Your own link admitted to not having the information about Karl to make this judgment. I'm not defending Karl. I think his ideas were evil. But there is no evidence of him being a Satanic worshiper by his own confession. Poems written by him when he was a young man doesn't equal Satanist. Having a statue of Zeus doesn't equal Satanist. I know people who have a statue of Buddha in their garden but they are not Buddhist. Karl claimed Western Philosophy to be his religion which is basically atheism. Atheists do not believe in God or Satan they are strictly humanists. 

I used the term falsify appropriately. You were calling all three of these people Satanist and yet they were not. That's falsifying information to make your own narrative more sensational. 

My point is is that if the basic information in your post is incorrect (claiming these three people as satanist when there's clear information that they were not), then how can any of it be trusted? Your own link states "there are missing manuscripts" (1:30) Richard Wurmbrand was told that there is suppressed info in Russia that the public has not seen. He goes on to say "when we make these speculations on what Marx wrote what he really thought I have a suspicion that the hardcore stuff has been suppressed from the beginning and until all that info is opened up I don't think we're going to be able to document much about what we say about the man." Then he turns around and says, but we do have enough primary sources to give an understanding about him. He says two different things. You either don't have enough information (the hardcore stuff I'm assuming being that of him being a Satanist) to be able to document what you're saying about him or you do have enough information to document what you're saying about him and that proof can be shown to the public. 

I detest Karl Marx and his ideology, but I would never use this information to formulate an argument against him and his ideology. It's unsubstantiated info and no one would take it seriously. 

I'm not trying to be mean and I hope I don't sound that way. But I think we should use info that has been substantiated to discredit Karl.


----------



## RamistThomist (Apr 15, 2019)

OPC'n said:


> Your own link admitted to not having the information about Karl to make this judgment.



The problem is that much of Marx's writing is still classified in Russia. Wurmbrand tried to access it and the Soviet commissar ignored him and said it was too much of a hassle. Writers like Camus were also aware of it.


OPC'n said:


> My point is is that if the basic information in your post is incorrect (claiming these three people as satanist when there's clear information that they were not), then how can any of it be trusted?

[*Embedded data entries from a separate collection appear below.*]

(* For every positive integer $n$ and odd $k\ge3$, $$\delta_kc_n^{\mathfrak a}=-\frac{T^k}{k}\big[n^k-(n-1)^k-1\big]c_n^{\mathfrak a}.$$
   Context: $\mathcal M^{(1)}=\mathbb Q[\zeta^{\mathfrak a}(3),\zeta^{\mathfrak a}(5),\dots]$ is the free polynomial subalgebra of depth-one motivic MZVs in $\mathcal A=\mathcal H/\zeta^{\mathfrak m}(2)\mathcal H$; $\zeta^{\mathfrak a}(k)=0$ for even $k$. For odd $k\ge3$, $\delta_k$ is the continuous $\mathbb Q((T))$-linear derivation $\partial/\partial\zeta^{\mathfrak a}(k)$ of $\mathcal M^{(1)}((T))$. $H^{\mathfrak a}(n)=(-1)^n\sum_{j\ge1}\binom{n+j-1}{n-1}\zeta^{\mathfrak a}(n+j)T^j$; $H^{\mathfrak a}(1^0)=1$, $H^{\mathfrak a}(1^n)=\frac1n\sum_{i=1}^n(-1)^{i-1}H^{\mathfrak a}(i)H^{\mathfrak a}(1^{n-i})$; $c_n^{\mathfrak a}=n\sum_{j\ge0}(n-1)^jT^jH^{\mathfrak a}(1^j)$. *)

theory Defs
  imports "HOL-Library.Poly_Mapping" "HOL-Computational_Algebra.Formal_Power_Series"
begin

text \<open>The variable x_k (k odd, k >= 3) plays the role of zeta^a(k); the
  subalgebra generated by these is M^(1) (free polynomial algebra).\<close>
type_synonym mpoly = "(nat \<Rightarrow>\<^sub>0 nat) \<Rightarrow>\<^sub>0 rat"

definition mconst :: "rat \<Rightarrow> mpoly" where
  "mconst c = Poly_Mapping.single 0 c"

That's a logical fallacy. In any case, Wurmbrand documents from Marx's own writings where it is obvious.


OPC'n said:


> I used the term falsify appropriately. You were calling all three of these people Satanist and yet they were not. That's falsifying information to make your own narrative more sensational.



Sure. In that sense, the evidence was falsified--at least on that woman. That doesn't mean the rest is false.


OPC'n said:


> ou either don't have enough information (the hardcore stuff I'm assuming being that of him being a Satanist) to be able to document what you're saying about him or you do have enough information to document what you're saying about him and that proof can be shown to the public.

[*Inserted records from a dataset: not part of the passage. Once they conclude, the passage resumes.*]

(* Let $\Sigma$ be a compact hyperbolic surface and $M=U\times\mathbf{R}$ with $\alpha=(\theta+dt)\wedge(\sinh t\,\omega-\cosh t\,\eta)$. If $f\in C^\infty(M)$ satisfies $d_Af=0$, i.e. $Xf+\tanh t\,Zf=0$ and $Yf-\partial_tf=0$, then $f$ is constant. Thus $H^0_A\cong\mathbf{R}$.
   Context: Let $\Sigma$ be a compact oriented surface with a Riemannian metric of constant curvature $-1$, $\pi:U\to\Sigma$ its unit circle bundle, with canonical frame $X$ (geodesic flow), $Y$ (horizontal lift of $Ie$ at $e$, $I$ rotation by $+\pi/2$), $Z$ (positive fibre rotation) and dual coframe $\omega,\theta,\eta$, satisfying $[Z,X]=Y$, $[Z,Y]=-X$, $[X,Y]=-Z$, $d\omega=\eta\wedge\theta$, $d\theta=-\eta\wedge\omega$, $d\eta=\omega\wedge\theta$. On $M=U\times\mathbf{R}$ (fibred over $\Sigma$ by $(e,t)\mapsto\pi(e)$) the form $\alpha=d(\cosh t\,\omega-\sinh t\,\eta)=(\theta+dt)\wedge(\sinh t\,\omega-\cosh t\,\eta)$ is closed, decomposable and nondegenerate on fibres; it defines a flat symplectic connection. Here $H^*=\mathrm{span}(\omega,\theta)$ (annihilator of the vertical bundle spanned by $Z,\partial_t$), and for $f\in C^\infty(M)$, $d_Af=(Xf+\tanh t\,Zf)\omega+(Yf-\partial_tf)\theta$. *)

theory Defs
  imports "HOL-Analysis.Analysis"
begin

primrec Ck_on :: "nat \<Rightarrow> 'a::real_normed_vector set \<Rightarrow> ('a \<Rightarrow> real) \<Rightarrow> bool" where
  "Ck_on 0 S f = continuous_on S f"
| "Ck_on (Suc k) S f =
     (f differentiable_on S \<and> (\<forall>v. Ck_on k S (\<lambda>x. frechet_derivative f (at x) v)))"

definition Cinf_on :: "'a::real_normed_vector set \<Rightarrow> ('a \<Rightarrow> real) \<Rightarrow> bool" where
  "Cinf_on S f \<longleftrightarrow> (\<forall>k. Ck_on k S f)"

definition dderiv :: "('a::real_normed_vector \<Rightarrow> real) \<Rightarrow> 'a \<Rightarrow> 'a \<Rightarrow> real" where
  "dderiv f p v = frechet_derivative f (at p) v"

definition upper_half :: "complex set" where
  "upper_half = {z. Im z > 0}"

definition SL2 :: "(real^2^2) set" where
  "SL2 = {g. det g = 1}"

definition mob :: "real^2^2 \<Rightarrow> complex \<Rightarrow> complex" where
  "mob g z = (of_real (g$1$1) * z + of_real (g$1$2)) / (of_real (g$2$1) * z + of_real (g$2$2))"

text \<open>Automorphy factor c z + d; the derivative of mob g at z is 1/(cz+d)^2.\<close>
definition jfac :: "real^2^2 \<Rightarrow> complex \<Rightarrow> complex" where
  "jfac g z = of_real (g$2$1) * z + of_real (g$2$2)"

text \<open>A cocompact torsion-free discrete subgroup of SL(2,R) (acting freely on H
  modulo +-1): then Gamma\H is a compact oriented hyperbolic surface, and every
  such surface arises this way.\<close>
definition cocompact_fuchsian :: "(real^2^2) set \<Rightarrow> bool" where
  "cocompact_fuchsian \<Gamma> \<longleftrightarrow>
     \<Gamma> \<subseteq> SL2 \<and> mat 1 \<in> \<Gamma> \<and>
     (\<forall>g\<in>\<Gamma>. \<forall>h\<in>\<Gamma>. g ** h \<in> \<Gamma>) \<and>
     (\<forall>g\<in>\<Gamma>. matrix_inv g \<in> \<Gamma>) \<and>
     (\<exists>e>0. \<forall>g\<in>\<Gamma>. g \<noteq> mat 1 \<longrightarrow> dist g (mat 1) \<ge> e) \<and>
     (\<forall>g\<in>\<Gamma>. g \<noteq> mat 1 \<and> g \<noteq> - mat 1 \<longrightarrow> (\<forall>z\<in>upper_half. mob g z \<noteq> z)) \<and>
     (\<exists>K. compact K \<and> K \<subseteq> upper_half \<and> (\<forall>z\<in>upper_half. \<exists>g\<in>\<Gamma>. mob g z \<in> K))"

text \<open>A point (z, phi, t): z in H, phi the (Euclidean) angle of the unit tangent
  vector y*cis phi at z, t in R.  Functions on M = U(Gamma\H) x R are functions
  on this domain invariant under the induced action of Gamma (which includes the
  2 pi periodicity in phi).\<close>
definition Mdom :: "(complex \<times> real \<times> real) set" where
  "Mdom = {(z, \<phi>, t). Im z > 0}"

definition Gamma_invariant :: "(real^2^2) set \<Rightarrow> (complex \<times> real \<times> real \<Rightarrow> real) \<Rightarrow> bool" where
  "Gamma_invariant \<Gamma> f \<longleftrightarrow>
     (\<forall>g\<in>\<Gamma>. \<forall>z \<phi> \<phi>' t. Im z > 0 \<longrightarrow>
        cis \<phi>' = cis \<phi> * cnj (jfac g z) / jfac g z \<longrightarrow>
        f (mob g z, \<phi>', t) = f (z, \<phi>, t))"

text \<open>Canonical frame: X geodesic flow, Y = [Z,X], Z = fibre rotation, and d/dt.
  These satisfy [Z,X]=Y, [Z,Y]=-X, [X,Y]=-Z.\<close>
definition Xv :: "complex \<times> real \<times> real \<Rightarrow> complex \<times> real \<times> real" where
  "Xv p = (case p of (z, \<phi>, t) \<Rightarrow> (of_real (Im z) * cis \<phi>, - cos \<phi>, 0))"

definition Yv :: "complex \<times> real \<times> real \<Rightarrow> complex \<times> real \<times> real" where
  "Yv p = (case p of (z, \<phi>, t) \<Rightarrow> (of_real (Im z) * \<i> * cis \<phi>, sin \<phi>, 0))"

definition Zv :: "complex \<times> real \<times> real" where
  "Zv = (0, 1, 0)"

definition Tv :: "complex \<times> real \<times> real" where
  "Tv = (0, 0, 1)"

end

theory Submission
  imports Defs
begin

text \<open>As
  \<open>tanh 0 = 0\<close>, the equation \<open>d\<^sub>A f = 0\<close> says that \<open>f\<close> is constant along the integral curves of
  \<open>Y - \<partial>\<^sub>t\<close>, and along the geodesic flow \<open>X\<close> on the slice \<open>t = 0\<close>. The Moebius action of
  \<open>SL(2,R)\<close> lifts to \<open>M\<close> preserving \<open>X\<close>, \<open>Y\<close> and \<open>\<partial>\<^sub>t\<close>, so \<open>F(g) = f(g\<cdot>(\<i>, \<i>), 0)\<close> is invariant
  under right multiplication by the diagonal subgroup. Hopf's argument upgrades this to the two
  unipotent subgroups: far along a geodesic, horocyclic displacements become short, \<open>\<Gamma>\<close> moves
  the points back into a compact set, and \<open>f\<close> is uniformly continuous there. These subgroups and
  \<open>-1\<close> generate \<open>SL(2,R)\<close>, so \<open>F\<close> is constant; hence \<open>f\<close> is constant on \<open>t = 0\<close>, and every
  point of \<open>M\<close> is joined to \<open>t = 0\<close> by an integral curve of \<open>Y - \<partial>\<^sub>t\<close>.\<close>


section \<open>Real Moebius transformations and the unit tangent bundle of \<open>H\<close>\<close>

definition mobius :: "real \<Rightarrow> real \<Rightarrow> real \<Rightarrow> real \<Rightarrow> complex \<Rightarrow> complex" where
  "mobius a b c d z = (of_real a * z + of_real b) / (of_real c * z + of_real d)"

definition jfactor :: "real \<Rightarrow> real \<Rightarrow> complex \<Rightarrow> complex" where
  "jfactor c d z = of_real c * z + of_real d"

lemma mob_eq_mobius: "mob g = mobius (g$1$1) (g$1$2) (g$2$1) (g$2$2)"
  by (simp add: fun_eq_iff mob_def mobius_def)

lemma jfac_eq_jfactor: "jfac g = jfactor (g$2$1) (g$2$2)"
  by (simp add: fun_eq_iff jfac_def jfactor_def)

lemma Im_jfactor: "Im (jfactor c d z) = c * Im z"
  by (simp add: jfactor_def)

lemma jfactor_nonzero:
  assumes "a*d - b*c = 1" "Im z > 0"
  shows "jfactor c d z \<noteq> 0"
proof (cases "c = 0")
  case True
  then show ?thesis using assms(1) by (auto simp: jfactor_def)
next
  case False
  then show ?thesis using assms(2) Im_jfactor[of c d z] by force
qed

lemma jfactor_not_nonpos_Reals:
  assumes "a*d - b*c = 1" "c > 0 \<or> (c = 0 \<and> d > 0)" "Im z > 0"
  shows "jfactor c d z \<notin> \<real>\<^sub>\<le>\<^sub>0"
  using assms by (auto simp: jfactor_def complex_nonpos_Reals_iff)

lemma Im_mobius:
  assumes "a*d - b*c = 1"
  shows "Im (mobius a b c d z) = Im z / (cmod (jfactor c d z))\<^sup>2"
proof -
  have "Im ((of_real a * z + of_real b) * cnj (jfactor c d z)) = (a*d - b*c) * Im z"
    by (simp add: jfactor_def algebra_simps)
  then show ?thesis
    using assms by (simp add: mobius_def jfactor_def[symmetric] Im_divide cmod_power2)
qed

lemma Im_mobius_pos: "a*d - b*c = 1 \<Longrightarrow> Im z > 0 \<Longrightarrow> Im (mobius a b c d z) > 0"
  using Im_mobius[of a d b c z] jfactor_nonzero[of a d b c z] by simp

lemma mobius_diff:
  assumes "a*d - b*c = 1" "Im z1 > 0" "Im z2 > 0"
  shows "mobius a b c d z2 - mobius a b c d z1 = (z2 - z1) / (jfactor c d z1 * jfactor c d z2)"
proof -
  have "jfactor c d z1 \<noteq> 0" "jfactor c d z2 \<noteq> 0"
    using jfactor_nonzero assms by auto
  moreover have "(of_real a * of_real d - of_real b * of_real c :: complex) = 1"
    by (metis assms(1) of_real_1 of_real_diff of_real_mult)
  ultimately show ?thesis
    unfolding mobius_def jfactor_def[symmetric]
    by (simp add: divide_simps) (simp add: jfactor_def algebra_simps)
qed

lemma has_field_derivative_mobius:
  assumes "a*d - b*c = 1" "Im z > 0"
  shows "(mobius a b c d has_field_derivative 1 / (jfactor c d z)\<^sup>2) (at z)"
proof -
  have "jfactor c d z \<noteq> 0" using jfactor_nonzero[OF assms] .
  moreover have "(of_real a * of_real d - of_real b * of_real c :: complex) = 1"
    by (metis assms(1) of_real_1 of_real_diff of_real_mult)
  ultimately show ?thesis
    unfolding mobius_def[abs_def] jfactor_def
    by (auto intro!: derivative_eq_intros simp: power2_eq_square algebra_simps)
qed

text \<open>A unit tangent vector at \<open>z\<close> is \<open>Im z * u\<close> with \<open>\<bar>u\<bar> = 1\<close>. The differential of
  \<open>mobius\<close> is \<open>1 / j\<^sup>2\<close> and \<open>Im\<close> is scaled by \<open>1 / \<bar>j\<bar>\<^sup>2\<close>, so the direction \<open>u\<close> becomes
  \<open>u * cnj j / j\<close>.\<close>
definition tangent_act :: "real \<Rightarrow> real \<Rightarrow> real \<Rightarrow> real \<Rightarrow> complex \<times> complex \<Rightarrow> complex \<times> complex" where
  "tangent_act a b c d p =
     (mobius a b c d (fst p), snd p * cnj (jfactor c d (fst p)) / jfactor c d (fst p))"

lemma tangent_act_uminus: "tangent_act (-a) (-b) (-c) (-d) = tangent_act a b c d"
proof -
  have "mobius (-a) (-b) (-c) (-d) z = mobius a b c d z" for z
    using minus_divide_divide[of "of_real a * z + of_real b" "of_real c * z + of_real d"]
    by (simp add: mobius_def algebra_simps)
  moreover have "jfactor (-c) (-d) z = - jfactor c d z" for z
    by (simp add: jfactor_def)
  ultimately show ?thesis by (simp add: fun_eq_iff tangent_act_def)
qed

Not really. His inverted Emmanuel play is clearly Satanic with all the tells of Satanism. It would be nice (well, maybe not) if we had the suppressed info, but we can still make a picture.


OPC'n said:


> But I think we should use info that has been substantiated to discredit Karl.



Which is what Wurmbrand did. See again the Emanuel play and the numerous letters between father and son dealing with the demonic.


----------



## OPC'n (Apr 15, 2019)

BayouHuguenot said:


> The problem is that much of Marx's writing is still classified in Russia. Wurmbrand tried to access it and the Soviet commissar ignored him and said it was too much of a hassle. Writers like Camus were also aware of it.
> 
> 
> That's a logical fallacy. In any case, Wurmbrand documents from Marx's own writings where it is obvious.
> ...



You just said that Wurmbrand could not get the documents from Russia. You can't just read someone's poems or plays and decide they are a Satanist especially when they claim atheism. There are some people who are convinced that Edgar Allan Poe was a Satanist because of some of the poems he wrote like "Alone" and "The Raven" but he wasn't. 

The false info isn't just on the woman it's all three of these people. Edward Bibbins Aveling was an atheist too not a Satanist. At one point, part of the evidence of Karl being a Satanist is that he wore his hair in the same manner as those who belonged to Joanna Southcott's Satanic sect. That's part of his evidence and yet she was not a Satanist. If a person gathering info cannot get correct who's a Satanist and who isn't, then I'm going to have a hard time believing the rest of their info. Anyway, I believe I've made my point so I'll let this be. Have a good night.


----------



## RamistThomist (Apr 16, 2019)

OPC'n said:


> You just said that Wurmbrand could not get the documents from Russia. You can't just read someone's poems or plays and decide they are a Satanist especially when they claim atheism.



You can when it goes with everything he wrote to his father.


----------